Mavena erwarb erst im September die Vertriebsrechte, wie Klaus Sippel, Verwaltungsratspräsident der Muttergesellschaft Salt of Life International, auf Anfrage von Tagesanzeiger.ch/Newsnetz sagt. Dass die Ankündigung des Medikaments zeitlich mit der Ausstrahlung des Dokumentarfilms zusammenfiel, ist Absicht: Einen besseren Werbefilm hätte sich die Firma nicht wünschen können.

Update 23: Die dpa ist zwar spät dran, dafür hat sie trotzdem nichts kapiert. Erbärmlich.

Update 24: Wenigstens die Nachdenkseiten haben, wenn auch spät, das getan, was ihr Name verspricht.

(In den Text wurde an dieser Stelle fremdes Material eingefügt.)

(* Let $m\ge1$ and consider $Q_{2,m+1}$ with dimension vector $\alpha=(m,1;1,\dots,1)$ ($m+1$ sinks, each of dimension $1$). Then the graded ring of semi-invariants $\bigoplus_{k\ge0}\{f\in\mathbb{C}[\mathrm{Rep}_\alpha Q]: f(g\cdot V)=\chi_\theta(g)^kf(V)\ \forall g\}$ is a polynomial ring in $m+1$ algebraically independent generators of degree $1$; consequently $M^{ss}_\alpha(Q_{2,m+1},\theta)\cong\mathbb{P}^m$.
   Context: $Q_{p,q}$ is the bipartite quiver with $p$ source vertices $v_1,\dots,v_p$, $q$ sink vertices $w_1,\dots,w_q$, and exactly one arrow from each $v_i$ to each $w_j$; a dimension vector is written $\alpha=(a_1,\dots,a_p;b_1,\dots,b_q)$, $\mathrm{Rep}_\alpha Q=\prod_{i,j}\mathrm{Hom}_{\mathbb{C}}(\mathbb{C}^{a_i},\mathbb{C}^{b_j})$, and $\mathrm{GL}_\alpha=\prod_i\mathrm{GL}_{a_i}\times\prod_j\mathrm{GL}_{b_j}$ acts by base change. $\theta=(-1,\dots,-1;1,\dots,1)$, $\chi_\theta(g)=\prod_i\det(g_i)^{-1}\prod_j\det(h_j)$ for $g=(g_1,\dots,g_p;h_1,\dots,h_q)$, and $M^{ss}_\alpha(Q,\theta)=\mathrm{Proj}$ of the graded ring of semi-invariants of weights $\chi_\theta^k$, $k\ge0$ (the moduli space of $\theta$-semistable representations). *)

theory Defs
  imports Complex_Main "Jordan_Normal_Form.Gauss_Jordan_Elimination" "Jordan_Normal_Form.Determinant"
begin
lemma real_FImpI:
  assumes "closed_fm A" "closed_fm C" "typing ctyp [] r (TArr (tyA Tm A) (Tm (tyA Tm C)))"
    and "\<And>p. real p A \<Longrightarrow> realM (App r p) C"
  shows "real r (FImp A C)"
  using real_iff[of "FImp A C" r] assms by (simp add: closed_fm_def)

lemma realM_star:
  "real r (FImp A C) \<Longrightarrow> realM p A \<Longrightarrow> realM (App (App (starT (tyA Tm A) (tyA Tm C)) r) p) C"
  using rel unfolding monadic_real_def by (elim conjE) blast

lemma realM_merge:
  assumes "realM p A" "realM q C"
  shows "realM (App (App (mergeT (tyA Tm A) (tyA Tm C)) p) q) (FAnd A C)"
proof -
  have "\<forall>p q A C. realM p A \<longrightarrow> realM q C \<longrightarrow>
          realM (App (App (mergeT (tyA Tm A) (tyA Tm C)) p) q) (FAnd A C)"
    using rel unfolding monadic_real_def by (elim conjE) assumption
  then show ?thesis using assms by blast
qed

lemma list_all2_real_typing:
  "list_all2 real ps As \<Longrightarrow> list_all2 (typing ctyp []) ps (map (tyA Tm) As)"
  by (auto simp: list_all2_map2 real_typing elim: list_all2_mono)

lemma typing_apps_starK:
  assumes "typing ctyp [] r (arrows (map (tyA Tm) As) (Tm Y))" and "list_all2 realM qs As"
  shows "typing ctyp [] (apps (starK Tm starT mergeT (map (tyA Tm) As) Y) (r # qs)) (Tm Y)"
proof (rule typing_apps)
  show "typing ctyp [] (starK Tm starT mergeT (map (tyA Tm) As) Y)
          (arrows (arrows (map (tyA Tm) As) (Tm Y) # map Tm (map (tyA Tm) As)) (Tm Y))"
    using typing_starK[OF monad, of "map (tyA Tm) As" Y] by simp
  show "list_all2 (typing ctyp []) (r # qs) (arrows (map (tyA Tm) As) (Tm Y) # map Tm (map (tyA Tm) As))"
    using assms by (auto simp: list_all2_map2 realM_typing elim: list_all2_mono)
qed
(* Let $R$ be a $*$-ring and $e$ a projection in $R$. If $R$ is a generalized weakly Rickart $*$-ring, then so is $eRe$.
   Context: A $*$-ring is an associative ring $R$ with an involution $x\mapsto x^*$ (additive, $(xy)^*=y^*x^*$, $x^{**}=x$). A projection is an element $e$ with $e=e^*=e^2$; $eRe=\{exe: x\in R\}$ is a $*$-subring. In a $*$-ring $S$, a projection $f\in S$ is a generalized right projection of $x\in S$ if there exists $n\in\mathbb N$ with $x^nf=x^n$ and, for all $y\in S$, $x^ny=0$ implies $fy=0$. $S$ is a generalized weakly Rickart $*$-ring if every element of $S$ has a generalized right projection in $S$. *)

theory Defs
  imports Main
begin

text \<open>Rings are associative, not necessarily unital (Isabelle class ring has no 1).
  The involution is an explicit function argument.\<close>

definition star_ring :: "('a::ring \<Rightarrow> 'a) \<Rightarrow> bool" where
  "star_ring st \<longleftrightarrow>
     (\<forall>x y. st (x + y) = st x + st y) \<and>
     (\<forall>x y. st (x * y) = st y * st x) \<and>
     (\<forall>x. st (st x) = x)"

definition is_projection :: "('a::ring \<Rightarrow> 'a) \<Rightarrow> 'a \<Rightarrow> bool" where
  "is_projection st e \<longleftrightarrow> e = st e \<and> e = e * e"

text \<open>Positive powers in a non-unital ring: npow n x = x^(n+1).\<close>
fun npow :: "nat \<Rightarrow> 'a::ring \<Rightarrow> 'a" where
  "npow 0 x = x"
| "npow (Suc n) x = x * npow n x"

definition corner :: "'a::ring \<Rightarrow> 'a set" where
  "corner e = {e * x * e | x. True}"

definition gen_right_proj :: "('a::ring \<Rightarrow> 'a) \<Rightarrow> 'a set \<Rightarrow> 'a \<Rightarrow> 'a \<Rightarrow> bool" where
  "gen_right_proj st S x f \<longleftrightarrow>
     f \<in> S \<and> is_projection st f \<and>
     (\<exists>n. npow n x * f = npow n x \<and> (\<forall>y\<in>S. npow n x * y = 0 \<longrightarrow> f * y = 0))"

definition gen_weakly_rickart :: "('a::ring \<Rightarrow> 'a) \<Rightarrow> 'a set \<Rightarrow> bool" where
  "gen_weakly_rickart st S \<longleftrightarrow> (\<forall>x\<in>S. \<exists>f. gen_right_proj st S x f)"

end

theory Submission
  imports Defs
begin

text \<open>Let \<open>x \<in> eRe\<close> and let \<open>f\<close> be a generalized right projection of \<open>x\<close> in \<open>R\<close>, with
  exponent \<open>n\<close>. Since \<open>x\<^sup>n e = x\<^sup>n\<close>, the element \<open>f - ef\<close> is annihilated by \<open>x\<^sup>n\<close>, hence
  by \<open>f\<close>, so \<open>fef = f\<close>. This makes \<open>efe\<close> a projection of \<open>eRe\<close>; it is a right unit
  for \<open>x\<^sup>n\<close>, and it kills every \<open>y \<in> eRe\<close> with \<open>x\<^sup>n y = 0\<close> because \<open>ey = y\<close> and \<open>fy = 0\<close>.\<close>

lemma star_ring_mult:
  assumes "star_ring st"
  shows "st (x * y) = st y * st x"
  using assms unfolding star_ring_def by blast

lemma npow_mult_right_unit:
  fixes x :: "'a::ring"
  assumes "x * e = x"
  shows "npow n x * e = npow n x"
  using assms by (induction n) (auto simp: mult.assoc)

lemma corner_memI: "e * x * e \<in> corner e"
  unfolding corner_def by blast

lemma corner_mult_left_unit:
  assumes "e * e = e" and "y \<in> corner e"
  shows "e * y = y"
  using assms unfolding corner_def by (auto simp flip: mult.assoc)

lemma corner_mult_right_unit:
  assumes "e * e = e" and "y \<in> corner e"
  shows "y * e = y"
  using assms unfolding corner_def by (auto simp: mult.assoc)

lemma is_projection_compress:
  assumes "star_ring st" "is_projection st e" "is_projection st f" "f * e * f = f"
  shows "is_projection st (e * f * e)"
proof -
  have e: "st e = e" "e * e = e" and f: "st f = f"
    using assms(2,3) unfolding is_projection_def by auto
  have "e * f * e * (e * f * e) = e * (f * (e * e) * f) * e"
    by (simp add: mult.assoc)
  also have "\<dots> = e * f * e"
    using assms(4) e by simp
  finally show ?thesis
    unfolding is_projection_def using e f star_ring_mult[OF assms(1)]
    by (simp add: mult.assoc)
qed

lemma gen_right_proj_absorbs:
  assumes f: "gen_right_proj st UNIV x f" and "x * e = x"
  shows "f * e * f = f"
proof -
  obtain n where fx: "npow n x * f = npow n x"
    and ann: "\<And>y. npow n x * y = 0 \<Longrightarrow> f * y = 0"
    using f unfolding gen_right_proj_def by blast
  have ff: "f * f = f"
    using f unfolding gen_right_proj_def is_projection_def by auto
  have "npow n x * (f - e * f) = 0"
    using npow_mult_right_unit[OF \<open>x * e = x\<close>, of n] fx
    by (simp add: right_diff_distrib flip: mult.assoc)
  then have "f * (f - e * f) = 0"
    by (rule ann)
  then show ?thesis
    using ff by (simp add: right_diff_distrib mult.assoc)
qed

lemma gen_right_proj_corner:
  assumes "star_ring st" and e: "is_projection st e"
    and f: "gen_right_proj st UNIV x f" and x: "x \<in> corner e"
  shows "gen_right_proj st (corner e) x (e * f * e)"
proof -
  have ee: "e * e = e"
    using e unfolding is_projection_def by auto
  have xe: "x * e = x"
    using corner_mult_right_unit[OF ee x] .
  obtain n where fx: "npow n x * f = npow n x"
    and ann: "\<And>y. npow n x * y = 0 \<Longrightarrow> f * y = 0"
    using f unfolding gen_right_proj_def by blast
  have proj: "is_projection st (e * f * e)"
    using is_projection_compress[OF assms(1) e _ gen_right_proj_absorbs[OF f xe]] f
    unfolding gen_right_proj_def by blast
  have unit: "npow n x * (e * f * e) = npow n x"
    using npow_mult_right_unit[OF xe, of n] fx by (simp flip: mult.assoc)
  have "e * f * e * y = 0" if "y \<in> corner e" "npow n x * y = 0" for y
    using corner_mult_left_unit[OF ee that(1)] ann[OF that(2)]
    by (metis mult.assoc mult_zero_right)
  then show ?thesis
    unfolding gen_right_proj_def using corner_memI proj unit by blast
qed

theorem mainTheorem12:
  fixes st :: "'a::ring \<Rightarrow> 'a" and e :: 'a
  assumes "star_ring st"
    and "is_projection st e"
    and "gen_weakly_rickart st UNIV"
  shows "gen_weakly_rickart st (corner e)"
  unfolding gen_weakly_rickart_def
proof
  fix x
  assume "x \<in> corner e"
  obtain f where "gen_right_proj st UNIV x f"
    using assms(3) unfolding gen_weakly_rickart_def by blast
  then show "\<exists>g. gen_right_proj st (corner e) x g"
    using gen_right_proj_corner[OF assms(1,2) _ \<open>x \<in> corner e\<close>] by blast
qed

end
text \<open>The key step against inter-osculation: by triangle-freeness every coordinate \<open>k\<close> other
than \<open>crd b\<close> is non-adjacent to \<open>crd a\<close> or to \<open>crd b\<close>, and in both cases the label can be carried
from \<open>src f\<close> to \<open>src a\<close> along a hyperplane, going through the common vertex of \<open>f\<close> and \<open>g\<close>
in the second case.\<close>

lemma src_label_off_partner:
  assumes ab: "adj (crd a) (crd b)"
    and agree: "\<And>k. k \<noteq> crd a \<Longrightarrow> k \<noteq> crd b \<Longrightarrow> \<phi> (src X a) k = \<phi> (src X b) k"
    and fg: "f \<in> E X" "g \<in> E X" "(a, f) \<in> hyp X" "(b, g) \<in> hyp X" "share_vertex X f g"
    and k: "k \<noteq> crd b"
  shows "\<phi> (src X f) k = \<phi> (src X a) k"
proof (cases "adj (crd a) k")
  case False
  then show ?thesis using hyp_src[OF fg(3)] by simp
next
  case True
  then have "k \<noteq> crd a" "\<not> adj (crd b) k" using ab adj_irrefl adj_triangle_free by blast+
  obtain v where v: "v = src X f \<or> v = tgt X f" "v = src X g \<or> v = tgt X g"
    using fg(5) unfolding share_vertex_def by auto
  have "\<phi> (src X f) k = \<phi> v k"
    using label_of_endpoint[OF fg(1) v(1)] hyp_crd[OF fg(3)] \<open>k \<noteq> crd a\<close> by simp
  also have "\<dots> = \<phi> (src X g) k"
    using label_of_endpoint[OF fg(2) v(2)] hyp_crd[OF fg(4)] k by simp
  also have "\<dots> = \<phi> (src X b) k" using hyp_src[OF fg(4) \<open>\<not> adj (crd b) k\<close>] .
  also have "\<dots> = \<phi> (src X a) k" using agree \<open>k \<noteq> crd a\<close> k by simp
  finally show ?thesis .
qed

lemma side_or_opposite:
  assumes s: "s \<in> S X" and f: "f \<in> E X" and crd: "crd f = crd (side X s i)"
    and agree: "\<And>k. k \<noteq> crd (side X s (i + 1)) \<Longrightarrow> \<phi> (src X f) k = \<phi> (src X (side X s i)) k"
  shows "f = side X s i \<or> f = side X s (i + 2)"
proof -
  have sides: "side X s j \<in> E X" for j using side_in_E[OF wf s] .
  have "\<phi> (src X f) = \<phi> (src X (side X s i)) \<or>
      \<phi> (src X f) = flipc (crd (side X s (i + 1))) (\<phi> (src X (side X s i)))"
    by (rule eq_flipc_if_agree_off) (rule agree)
  with opposite_src[OF s, of i]
  consider "\<phi> (src X f) = \<phi> (src X (side X s i))" | "\<phi> (src X f) = \<phi> (src X (side X s (i + 2)))"
    by auto
  then show ?thesis
  proof cases
    case 1
    then show ?thesis using edge_unique[OF f sides] src_eq_if_label_eq[OF f sides] crd by blast
  next
    case 2
    then show ?thesis using edge_unique[OF f sides] src_eq_if_label_eq[OF f sides] crd opposite_crd[OF s]
      by metis
  qed
qed

lemma hyp_consecutive_share_vertex:
  assumes s: "s \<in> S X" and f: "f \<in> E X" "g \<in> E X"
    and hyp: "(side X s i, f) \<in> hyp X" "(side X s (i + 1), g) \<in> hyp X"
    and sv: "share_vertex X f g"
  shows "in_common_sq X f g"
proof -
  have ab: "adj (crd (side X s i)) (crd (side X s (i + 1)))" using consecutive_adj[OF s] .
  have gf: "share_vertex X g f" using sv unfolding share_vertex_def by auto
  have "f = side X s i \<or> f = side X s (i + 2)"
  proof (rule side_or_opposite[OF s f(1) hyp_crd[OF hyp(1)]])
    show "\<phi> (src X f) k = \<phi> (src X (side X s i)) k" if "k \<noteq> crd (side X s (i + 1))" for k
      using src_label_off_partner[OF ab _ f hyp sv that] consecutive_src[OF s] by blast
  qed
  moreover have "g = side X s (i + 1) \<or> g = side X s (i + 1 + 2)"
  proof (rule side_or_opposite[OF s f(2) hyp_crd[OF hyp(2)]])
    show "\<phi> (src X g) k = \<phi> (src X (side X s (i + 1))) k" if "k \<noteq> crd (side X s (i + 1 + 1))" for k
      using src_label_off_partner[OF adj_sym[OF ab] _ f(2,1) hyp(2,1) gf] consecutive_src[OF s]
        opposite_crd[OF s, of i] that by (metis add.assoc one_add_one)
  qed
  ultimately show ?thesis using in_common_sq_sides[OF s] by blast
qed

lemma no_inter_osc: "\<not> inter_osc X"
proof
  assume "inter_osc X"
  then obtain e1 e2 f1 f2 where f: "f1 \<in> E X" "f2 \<in> E X"
    and hyp: "(e1, f1) \<in> hyp X" "(e2, f2) \<in> hyp X" and c: "consec X e1 e2"
    and sv: "share_vertex X f1 f2" and not_common: "\<not> in_common_sq X f1 f2"
    unfolding inter_osc_def by blast
  obtain s i where s: "s \<in> S X" and e1: "side X s i = e1"
    and e2: "side X s (i + 1) = e2 \<or> side X s (i + 3) = e2"
    using c unfolding consec_def by auto
  from e2 have "in_common_sq X f1 f2"
  proof
    assume "side X s (i + 1) = e2"
    then show ?thesis using hyp_consecutive_share_vertex[OF s f, of i] hyp e1 sv by simp
  next
    assume "side X s (i + 3) = e2"
    moreover have "side X s (i + 3 + 1) = e1" using e1 by (simp only: ent_add_3_1)
    moreover have "share_vertex X f2 f1" using sv unfolding share_vertex_def by auto
    ultimately have "in_common_sq X f2 f1"
      using hyp_consecutive_share_vertex[OF s f(2,1), of "i + 3"] hyp by simp
    then show ?thesis unfolding in_common_sq_def by blast
  qed
  with not_common show False ..
qed

lemma lnk_colours_differ: "lnk X h h' \<Longrightarrow> col (fst h) \<noteq> col (fst h')"
proof -
  assume "lnk X h h'"
  then obtain s i where s: "s \<in> S X" and ce: "{flipb (ent X s (i + 3)), ent X s i} = {h, h'}"
    unfolding lnk_def corner_ends_def by auto
  with col_corner[OF s, of i] show ?thesis by (auto simp: doubleton_eq_iff)
qed

text \<open>So links are bipartite, which rules out triangles in them.\<close>

lemma npc: "npc X"
  unfolding npc_def
proof (intro conjI ballI allI impI)
  fix s and i :: nat assume "s \<in> S X"
  then show "flipb (ent X s (i + 3)) \<noteq> ent X s i" using col_corner[of s i] by (metis fst_flipb)
next
  show "\<not> (\<exists>h1 h2 h3. h1 \<noteq> h2 \<and> h2 \<noteq> h3 \<and> h1 \<noteq> h3 \<and> lnk X h1 h2 \<and> lnk X h2 h3 \<and> lnk X h1 h3)"
    using lnk_colours_differ by blast
qed (use corner_inj in blast)

theorem special: "special X"
  unfolding special_def
  using wf npc two_sided no_direct_self_osc no_self_intersection no_inter_osc by blast

end

section \<open>The cover \<open>\<widehat>K\<^sub>m\<close>\<close>

lemma flipc_flip_coord_in_orbit0:
  "x \<in> orbit0 m \<Longrightarrow> 1 \<le> i \<Longrightarrow> i \<le> 2 * m + 1 \<Longrightarrow> flipc (flip_coord m i x) x \<in> orbit0 m"
  using orbit0.step[of x m i] piA_eq_flipc[of i m x] by auto

lemma orbit0_support: "x \<in> orbit0 m \<Longrightarrow> x c \<Longrightarrow> c \<in> {1..2 * m + 1}"
proof (induction rule: orbit0.induct)
  case (step x j)
  then show ?case
    using piA_eq_flipc[of j m x] flip_coord_range[of j m x] by (auto simp: flipc_apply split: if_splits)
qed simp

lemma finite_orbit0: "finite (orbit0 m)"
proof (rule finite_subset)
  show "orbit0 m \<subseteq> (\<lambda>A c. c \<in> A) ` Pow {1..2 * m + 1}"
  proof
    fix x assume "x \<in> orbit0 m"
    then have "x = (\<lambda>c. c \<in> {c. x c})" "{c. x c} \<in> Pow {1..2 * m + 1}"
      using orbit0_support by auto
    then show "x \<in> (\<lambda>A c. c \<in> A) ` Pow {1..2 * m + 1}" by blast
  qed
qed simp

lemma inv_into_orbit0_piA:
  assumes "x \<in> orbit0 m" "1 \<le> i" "i \<le> 2 * m + 1"
  shows "inv_into (orbit0 m) (piA m i) x = piA m i x"
proof (rule inv_into_f_eq)
  show "inj_on (piA m i) (orbit0 m)" using assms(2,3) by (metis inj_onI piA_invol)
qed (use assms orbit0.step piA_invol in auto)

lemma Khat_V: "V (Khat m) = orbit0 m"
  and Khat_E: "E (Khat m) = orbit0 m \<times> {1..2 * m + 1}"
  and Khat_S: "S (Khat m) = orbit0 m \<times> {1..2 * m}"
  and Khat_src: "src (Khat m) = fst"
  and Khat_tgt: "tgt (Khat m) e = piA m (snd e) (fst e)"
  and Khat_bd: "bd (Khat m) (x, R) = walk (orbit0 m) (piA m) x (rel m R)"
  unfolding Khat_def action_cx_def by (simp_all add: case_prod_beta)

lemma Khat_finite: "finite_cx (Khat m)"
  unfolding finite_cx_def Khat_V Khat_E Khat_S using finite_orbit0 by simp

lemma Khat_connected: "connected_cx (Khat m)"
proof -
  let ?R = "{(src (Khat m) e, tgt (Khat m) e) |e. e \<in> E (Khat m)} \<union>
            {(tgt (Khat m) e, src (Khat m) e) |e. e \<in> E (Khat m)}"
  have "((\<lambda>_. False), u) \<in> ?R\<^sup>* \<and> (u, (\<lambda>_. False)) \<in> ?R\<^sup>*" if "u \<in> orbit0 m" for u
    using that
  proof (induction rule: orbit0.induct)
    case (step x j)
    then have "(x, piA m j x) \<in> ?R" "(piA m j x, x) \<in> ?R"
      by (auto simp: Khat_E Khat_src Khat_tgt)
    with step show ?case by (meson rtrancl.rtrancl_into_rtrancl converse_rtrancl_into_rtrancl)
  qed simp
  then show ?thesis unfolding connected_cx_def Khat_V by (meson rtrancl_trans)
qed

definition square_bd :: "nat \<Rightarrow> (nat \<Rightarrow> bool) \<Rightarrow> nat \<Rightarrow> (((nat \<Rightarrow> bool) \<times> nat) \<times> bool) list" where
  "square_bd m x R = (if R \<le> m then
     [((x, R), True), ((flipc (flip_coord m R x) x, Suc R), True),
      ((flipc (flip_coord m (Suc R) x) x, R), False), ((x, Suc R), False)]
   else
     [((flipc (flip_coord m (Suc R) x) x, Suc R), False),
      ((flipc (flip_coord m (Suc R) x) x, R - m), True),
      ((flipc (flip_coord m R x) (flipc (flip_coord m (Suc R) x) x), Suc R), True),
      ((x, R), False)])"

lemma Khat_bd_commutator:
  assumes x: "x \<in> orbit0 m" and R: "1 \<le> R" "R \<le> m"
  shows "bd (Khat m) (x, R) = square_bd m x R"
proof -
  let ?a = "flip_coord m R x" and ?b = "flip_coord m (Suc R) x"
  have b1: "flip_coord m (Suc R) (flipc ?a x) = ?b" using R by (rule flip_coord_succ_after)
  have a2: "flip_coord m R (flipc ?b (flipc ?a x)) = ?a"
    using flip_coord_invol[of R m "flipc ?b x"] flip_coord_after_succ[OF R, of x] R
    by (simp add: flipc_commute)
  have x2: "flipc ?b (flipc ?a x) \<in> orbit0 m"
    using flipc_flip_coord_in_orbit0[OF flipc_flip_coord_in_orbit0[OF x], of R "Suc R"] b1 R by auto
  have x3: "flipc ?b x \<in> orbit0 m" using x R by (intro flipc_flip_coord_in_orbit0) auto
  have "inv_into (orbit0 m) (piA m R) (flipc ?b (flipc ?a x)) = flipc ?b x"
    using inv_into_orbit0_piA[OF x2, of R] R piA_eq_flipc[of R m] a2 by (simp add: flipc_commute)
  moreover have "inv_into (orbit0 m) (piA m (Suc R)) (flipc ?b x) = x"
    using inv_into_orbit0_piA[OF x3, of "Suc R"] R piA_eq_flipc[of "Suc R" m]
      flip_coord_invol[of "Suc R" m x] by simp
  ultimately show ?thesis
    using R b1 piA_eq_flipc[of R m x] piA_eq_flipc[of "Suc R" m "flipc ?a x"]
    unfolding Khat_bd rel_def square_bd_def by (simp add: Let_def)
qed

lemma Khat_bd_conjugation:
  assumes x: "x \<in> orbit0 m" and R: "m < R" "R \<le> 2 * m"
  shows "bd (Khat m) (x, R) = square_bd m x R"
proof -
  define j where "j = R - m"
  have j: "1 \<le> j" "j \<le> m" "R = m + j" using R unfolding j_def by auto
  let ?H = "flip_coord m (Suc R) x" and ?Q = "flip_coord m R x"
  let ?y = "flipc ?H x"
  have y: "?y \<in> orbit0 m" using x R by (intro flipc_flip_coord_in_orbit0) auto
  have c1: "flip_coord m j ?y = ?Q" using flip_coord_conj[OF j(1,2), of x] j by simp
  have c2: "flip_coord m (Suc R) (flipc ?Q ?y) = ?H" using flip_coord_conj_back[OF j(1,2), of x] j by simp
  have y3: "flipc ?Q x \<in> orbit0 m" using x R by (intro flipc_flip_coord_in_orbit0) auto
  have "inv_into (orbit0 m) (piA m (Suc R)) x = ?y"
    using inv_into_orbit0_piA[OF x, of "Suc R"] R piA_eq_flipc[of "Suc R" m x] by simp
  moreover have "inv_into (orbit0 m) (piA m R) (flipc ?Q x) = x"
    using inv_into_orbit0_piA[OF y3, of R] R piA_eq_flipc[of R m] flip_coord_invol[of R m x] by simp
  moreover have "flipc ?H (flipc ?Q ?y) = flipc ?Q x" by (simp add: flipc_commute)
  ultimately show ?thesis
    using R j c1 c2 piA_eq_flipc[of j m ?y] piA_eq_flipc[of "Suc R" m "flipc ?Q ?y"]
    unfolding Khat_bd rel_def square_bd_def by (simp add: Let_def)
qed

lemma Khat_bd_square_bd:
  "x \<in> orbit0 m \<Longrightarrow> 1 \<le> R \<Longrightarrow> R \<le> 2 * m \<Longrightarrow> bd (Khat m) (x, R) = square_bd m x R"
  using Khat_bd_commutator Khat_bd_conjugation by (cases "R \<le> m") auto

lemma ent_Khat:
  "x \<in> orbit0 m \<Longrightarrow> 1 \<le> R \<Longrightarrow> R \<le> 2 * m \<Longrightarrow> ent (Khat m) (x, R) n = square_bd m x R ! (n mod 4)"
  unfolding ent_def by (simp add: Khat_bd_square_bd)

lemma square_bd_path:
  assumes x: "x \<in> orbit0 m" and R: "1 \<le> R" "R \<le> 2 * m" and r: "r < 4"
  defines "L \<equiv> square_bd m x R"
  shows "fst (L ! r) \<in> E (Khat m) \<and> hvtx (Khat m) (flipb (L ! r)) = hvtx (Khat m) (L ! ((r + 1) mod 4))"
proof (cases "R \<le> m")
  case True
  let ?a = "flip_coord m R x" and ?b = "flip_coord m (Suc R) x"
  have "flipc ?a x \<in> orbit0 m" "flipc ?b x \<in> orbit0 m"
    using x R by (auto intro!: flipc_flip_coord_in_orbit0)
  moreover have "piA m R x = flipc ?a x" "piA m (Suc R) (flipc ?a x) = flipc ?b (flipc ?a x)"
    "piA m R (flipc ?b x) = flipc ?a (flipc ?b x)" "piA m (Suc R) x = flipc ?b x"
    using R True flip_coord_succ_after flip_coord_after_succ piA_eq_flipc[of R m] piA_eq_flipc[of "Suc R" m]
    by auto
  ultimately show ?thesis using less_4_cases[OF r] x R True
    by (elim disjE) (auto simp: L_def square_bd_def hvtx_def flipb_def Khat_E Khat_src Khat_tgt flipc_commute)
next
  case False
  define j where "j = R - m"
  have j: "1 \<le> j" "j \<le> m" "R = m + j" using False R unfolding j_def by auto
  let ?H = "flip_coord m (Suc R) x" and ?Q = "flip_coord m R x"
  let ?y = "flipc ?H x"
  have y: "?y \<in> orbit0 m" using x R by (auto intro!: flipc_flip_coord_in_orbit0)
  have c1: "flip_coord m j ?y = ?Q" using flip_coord_conj[OF j(1,2), of x] j by simp
  have "flipc ?Q ?y \<in> orbit0 m" using flipc_flip_coord_in_orbit0[OF y, of j] c1 j by auto
  moreover have "piA m (Suc R) ?y = x" "piA m j ?y = flipc ?Q ?y"
    "piA m (Suc R) (flipc ?Q ?y) = flipc ?Q x" "piA m R x = flipc ?Q x"
    using R j c1 flip_coord_conj_back[OF j(1,2), of x] flip_coord_invol[of "Suc R" m x]
      piA_eq_flipc[of "Suc R" m] piA_eq_flipc[of j m] piA_eq_flipc[of R m]
    by (auto simp: flipc_commute)
  ultimately show ?thesis using less_4_cases[OF r] x y R j False
    by (elim disjE) (auto simp: L_def square_bd_def hvtx_def flipb_def Khat_E Khat_src Khat_tgt)
qed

Vielleicht auch ein Vorbild für andere?

Update 25: Der Deutsche Neurodermitis Bund meldet sich zu Wort:

Schade, dass sich jetzt auch schon eine öffentlich-rechtliche Sendeanstalt völlig kritiklos für solche PR-Aktionen hergibt, so Thomas Schwennesen, 1. Vorsitzender des Deutschen Neurodermitis Bundes e.V., Hamburg, “Es ist eine Schande und blanker Zynismus, dass die PR-Einführung eines normalen Hautpflege-Produktes sich der Pharmaschelte als Aufhänger für eigene Geschäfte bedient.”
[…]
Die ARD hat mit diesem Beitrag den etwa fünf Millionen Neurodermitikern einen Bärendienst erwiesen und sich selbst journalistisch ins Abseits gestellt.

Update 26: Unterdessen sackt der vom Lügengebäude übriggebliebene Trümmerhaufen noch weiter in sich zusammen (vgl. Update 16):

Ein Mavena-Sprecher erklärte, es gebe seit langem ein Interesse an einem Vertrieb, nach der Marktzulassung im August habe man nun Gas gegeben.